The late comedian George Carlin once observed (in a televised special more than twenty years ago) the following about people complaining about politicians:
"This is the best we can do, folks. This is the best we can offer. This is what our
system produces: garbage in, garbage out.
"Because if it's really just the fault of these politicians, then where are all the other
bright people of conscience? Where are all the bright, honest, intelligent
Americans ready to step in and save the nation and lead the way? We don't have
any people like that in this country."
Is he right? Maybe. I tend to think that one loses sight of their conscience with the acquisition of more and more money and power. Are there some in politics who are, as I said, wealthy or financially well-off, who still have a conscience at the forefront of their minds? Yes. The problem is that there are far too few of them. Clearly, having only those who are financially better off than most of us in power is ruining this country. The words of the nineteenth century British historian Lord Acton come to mind here: "Absolute power corrupts absolutely."

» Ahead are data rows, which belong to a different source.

(* Let $n\ge2$, $k,\nu\in\mathbb{C}$. For a smooth function $\varphi$ on an open subset of $\mathbb{R}_{>0}^n$ satisfying $(\vartheta_1+\cdots+\vartheta_n)\varphi=0$, write (via $y_i=z_i/z_n$, $1\le i\le n-1$) $\varphi=(y_1\cdots y_{n-1})^{-\nu/n}u(y_1,\dots,y_{n-1})$. Then $\varphi$ satisfies \[ \Delta_{ij}\varphi=-\frac{\nu(\nu+nk)}{n^2}\varphi\qquad(1\le i<j\le n) \] if and only if $u$ satisfies Lauricella's system $(E_D)$ in the variables $y_1,\dots,y_{n-1}$ with parameters $\alpha=-\nu$, $\beta_1=\cdots=\beta_{n-1}=k$, $\gamma=-\nu-k+1$. Moreover, in the variables $x_i=1-y_i$ the same system for $u$ is equivalent to $(E_D)$ in $x_1,\dots,x_{n-1}$ with parameters $\alpha=-\nu$, $\beta_1=\cdots=\beta_{n-1}=k$, $\gamma=nk$.
   Context: $\vartheta_i=z_i\partial/\partial z_i$. For $1\le i<j\le n$, $\Delta_{ij}=\vartheta_i\vartheta_j-\frac{k}{2}\frac{z_i+z_j}{z_i-z_j}(\vartheta_i-\vartheta_j)+\bigl(\frac{\nu}{n}+\frac{k}{2}\bigr)(\vartheta_i+\vartheta_j)$. The condition $(\vartheta_1+\cdots+\vartheta_n)\varphi=0$ means $\varphi$ is homogeneous of degree 0, hence a function of $y_1,\dots,y_{n-1}$. Lauricella's system $(E_D)$ in variables $t_1,\dots,t_{m}$ ($m=n-1$) with parameters $\alpha,\beta_1,\dots,\beta_m,\gamma$, writing $\vartheta_i=t_i\partial/\partial t_i$: $t_i(\vartheta_i+\beta_i)\vartheta_jF=t_j(\vartheta_j+\beta_j)\vartheta_iF$ for $1\le i<j\le m$, and $\vartheta_i(\vartheta_1+\cdots+\vartheta_m+\gamma-1)F=t_i(\vartheta_i+\beta_i)(\vartheta_1+\cdots+\vartheta_m+\alpha)F$ for $1\le i\le m$. *)

theory Defs
  imports "HOL-Analysis.Analysis"
begin

definition pd :: "'i::finite \<Rightarrow> (real^'i \<Rightarrow> complex) \<Rightarrow> real^'i \<Rightarrow> complex" where
  "pd i f z = vector_derivative (\<lambda>t. f (z + t *\<^sub>R axis i 1)) (at 0)"

fun iter_pd :: "'i::finite list \<Rightarrow> (real^'i \<Rightarrow> complex) \<Rightarrow> real^'i \<Rightarrow> complex" where
  "iter_pd [] f = f"
| "iter_pd (i # is) f = pd i (iter_pd is f)"

definition smooth_on :: "(real^'i::finite) set \<Rightarrow> (real^'i \<Rightarrow> complex) \<Rightarrow> bool" where
  "smooth_on U f \<longleftrightarrow>
     (\<forall>is. continuous_on U (iter_pd is f) \<and>
       (\<forall>i. \<forall>z\<in>U. (\<lambda>t. iter_pd is f (z + t *\<^sub>R axis i 1)) differentiable (at 0)))"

There are more things about which I could write, but let us look at the question that naturally arises: So, what do we do about all this? The answer: stop doing this stuff. Too simplistic? Maybe it's too simplistic of an answer, but it is that simple ... IF you want it bad enough. (That's the key.) You stop this stuff by stopping this stuff. Period. If you do not stop, then it continues. Still sounds too simplistic? Maybe the societal "norm" of everything must be complicated, over-complicated, or just a total mess has an influence on you, too. Ask yourself: If something is helpful, positive, curative, preventative, or maybe even empowering, would you stop it or continue it? Then ask yourself if your answer is the same when talking about something being hurtful, negative, harmful, or discouraging. Then apply those questions and your answers to the larger scale of an entire country.
I am only six years past a half-century of being alive. That's a fraction of a fraction in terms of this country's history, a blip in terms of the history of all of humanity, and an even smaller blip in terms of the history of this planet, let alone the entire universe. And yet, it's clear to me that things are not like they used to be ... and that is a damn shame.